Under spinal anaesthesia, surgical repair of the right DPA aneurysm was undertaken. After proximal and distal control of the DPA, the mass was completely mobilised (Figure 2A) and the ipsilateral thigh GSV was harvested. Following systemic heparinisation and clamping of the DPA, the aneurysm was excised. The vessel was reconstructed using a reversed GSV graft (Figure 2B), with anastomoses using 7/0 polypropylene interrupted sutures.

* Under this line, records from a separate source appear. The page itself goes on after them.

text \<open>e^(-\<lambda>\<Delta>) times the sum of the terms k = 0 and k = 1 of the series defining conv_inv.\<close>

definition conv_inv_trunc :: "(real \<Rightarrow> real) \<Rightarrow> real \<Rightarrow> real \<Rightarrow> real measure \<Rightarrow> real \<Rightarrow> real" where
  "conv_inv_trunc f \<gamma> \<Delta> \<nu> x = f (x - \<gamma> * \<Delta>) - \<Delta> * fun_conv f (nu_bar \<nu>) (x - \<gamma> * \<Delta>)"

context
  fixes \<gamma> lam \<Delta> :: real and \<nu> :: "real measure"
  assumes fin: "finite_measure \<nu>" and s[measurable_cong]: "sets \<nu> = sets borel"
    and mass: "measure \<nu> UNIV = lam" and D: "0 \<le> \<Delta>"
begin

lemma lam_mult_Delta_nonneg: "0 \<le> lam * \<Delta>"
  using D mass measure_nonneg[of \<nu> UNIV] by simp

lemma sums_P_meas_weights:
  "(\<lambda>k. exp (- lam * \<Delta>) * \<Delta> ^ k / fact k * measure (return borel (\<gamma> * \<Delta>) \<star> conv_pow \<nu> k) UNIV)
     sums 1"
  using sums_mult[OF exp_series_sums[of "lam * \<Delta>"], of "exp (- (lam * \<Delta>))"]
  by (simp add: measure_return_conv_pow[OF fin s] mass exp_minus power_mult_distrib field_simps)

lemma prob_space_P_meas: "prob_space (P_meas \<gamma> lam \<Delta> \<nu>)"
proof -
  have "finite_measure (P_meas \<gamma> lam \<Delta> \<nu>)" "measure (P_meas \<gamma> lam \<Delta> \<nu>) UNIV = 1"
    using finite_measure_series_measure measure_series_measure sums_P_meas_weights D
      finite_measure_return_conv_pow[OF fin s]
    unfolding P_meas_eq_series_measure by (auto simp: sums_iff)
  then show ?thesis
    by (intro prob_spaceI)
      (simp add: finite_measure.emeasure_eq_measure space_eq_UNIV_if_sets_borel)
qed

Bacteriological culture of aneurysm tissue samples was negative. The patient’s postoperative recovery was uneventful apart from a minor superficial wound breakdown. Six months after surgery he remains well with a patent graft.

 

Discussion

True DPA aneurysms are rare, with the first case documented by Archibald Cuff in 1907.⁶ The majority of reported DPA aneurysms are false aneurysms related to trauma.^2-4 True aneurysms, which are much rarer, have been associated with atherosclerosis, hypertension, smoking and minor repetitive trauma.^2,3,7,8

The majority of DPA aneurysms present as a progressively enlarging pulsatile mass.² Pain can result from pressure on the adjacent nerves.⁸ Functional impairment from the mass on the dorsal foot often prompts medical attention and subsequent intervention.⁹ This was also the case in our patient. Rarely, patients with these lesions can present with ischaemic complications due to thrombosis or embolism.⁵ Rupture is extremely uncommon.¹⁰

The diagnosis of DPA aneurysms involves clinical examination, supplemented by imaging studies. Duplex ultrasound is the preferred initial imaging modality. Angiography, whether non-invasive or invasive, offers additional details such as the presence of synchronous aneurysms and the adequacy of collateral circulation.^1,4,10

Intervention is generally recommended for true DPA aneurysms. Due to the rare nature of these lesions, no size cut-off for intervention has been established but conservative management with follow-up may be an option for asymptomatic small aneurysms.^3,8 Proponents of intervention, regardless of size or absence of symptoms, argue that early intervention can prevent future complications.¹ Surgical resection of the aneurysm, with or without vascular reconstruction, can be performed with minimal morbidity. Ligation of the DPA without restoring vascular continuity should only be done after confirming adequate collateral circulation. Preoperative digital subtraction angiography to verify the patency of the foot arch, intraoperative Doppler assessment of the digital arteries after clamping the DPA and good back bleeding from the distal end of the DPA are indicators of good collaterals.^2,4,8,10 Comparing the distal DPA stump pressure with radial artery pressure is another method used by Kato and colleagues to confirm sufficient foot perfusion after DPA ligation.¹¹ For patients with risk factors for occlusive arterial disease such as diabetes and smoking and in children, where a ligated foot artery could affect growth, reconstruction is preferred.^8,10 Options for reconstruction include end-to-end repair, vein patch repair or interposition grafting.⁸ Anastomosis with interrupted sutures may reduce the risk of luminal compromise in small vessels

 

Conclusion

True aneurysms of the DPA are rare and primarily dealt with by open surgery. Excision of the aneurysm and reconstruction of the artery is the preferred technique. Ligation of the DPA can be performed in selected patients who have robust evidence of adequate collateral circulation.